Чтобы досадить Бурминой, поставить ее, так сказать, на место, Пегов пустился во все тяжкие, ухаживая за Асей.

Последнее заседание кончилось в пятницу днем. После обеда залегли поспать, и так как опять мело, кататься решили не ходить, а к вечеру пойти пешком в поселок, посидеть в местном ресторанчике. Как сказал Строев, — «Провести операцию «чао — ариведерчи — со лонг». И, заглянув Татьяне в глаза, прибавил:

— Это «чао» приводит меня в отчаяние.

— Мужчины всегда в отчаяньи, когда со мной расстаются, — серьезно ответила Бурмина.

Они вышли засветло — до конца поселка, где располагался ресторанчик, было километра три. Когда проходили мимо здания местной школы, из ее дверей высыпала стайка ребятишек, которые, увидев проходящих, мгновенно зашушукались, захихикали и швырнули им вдогонку мокрые, каменной плотности снежки. Один снежок угодил Асе в висок, и она, вскрикнув, покачнулась.

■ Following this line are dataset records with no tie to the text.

(* Let $G$ be a graph and $m\geq 1$. Suppose $E(G)$ is partitioned into the edge set of a DVOP$[k']$ in $G$ and a complementary edge set $E'$, and also $E(G)$ is partitioned into the edge set of a DVOP$[k'']$ in $G$ and a complementary edge set $E''$. Then $E(m\#G)$ can be partitioned into the edge sets of $|V(G)|$ paths each isomorphic to $P_{k'+m+k''}$, together with the copy of $E'$ in $G'$ and the copy of $E''$ in $G''$.
   Context: $P_k$ is the path with vertices $0,1,\dots,k$ and edges $\hat{j}$ joining $j-1$ and $j$. For a graph $G$, a DVOP$[k]$ is a family $\{p_v\}_{v\in V(G)}$ of embeddings $p_v:P_k\to G$ such that (a) $p_v(\hat{j})=p_{v'}(\hat{j'})$ implies $v=v'$ and $j=j'$, and (b) $p_v(0)=v$ for every $v$; its edge set is the union of the edge images of all $p_v$. For a graph $G$ and $m\geq 1$, $m\#G$ is the graph obtained by taking two disjoint copies $G'$ and $G''$ of $G$ and joining each vertex $v'\in V(G')$ to the corresponding vertex $v''\in V(G'')$ by a path with $m$ edges, these new paths being internally vertex-disjoint from each other and from $G'\cup G''$. *)

theory Defs
  imports Main
begin

definition simple_graph :: "'a set \<Rightarrow> 'a set set \<Rightarrow> bool" where
  "simple_graph V E \<longleftrightarrow> (\<forall>e\<in>E. \<exists>u v. e = {u, v} \<and> u \<in> V \<and> v \<in> V \<and> u \<noteq> v)"

definition path_embedding :: "'a set \<Rightarrow> 'a set set \<Rightarrow> nat \<Rightarrow> (nat \<Rightarrow> 'a) \<Rightarrow> bool" where
  "path_embedding V E k p \<longleftrightarrow> inj_on p {0..k} \<and> (\<forall>i\<in>{0..k}. p i \<in> V)
     \<and> (\<forall>j\<in>{1..k}. {p (j - 1), p j} \<in> E)"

— Сейчас схлопочешь по шее, — крикнул мальчишке, бросившему снежок, Пегов и, взяв Асю за плечи, поцеловал ушибленное место. «У кошки — боли, у собаки — боли, у Строева — боли, у Асеньки — заживи», — сказал он и, еще раз поцеловав Асин висок, почувствовал, как она тревожно замерла у него в руках.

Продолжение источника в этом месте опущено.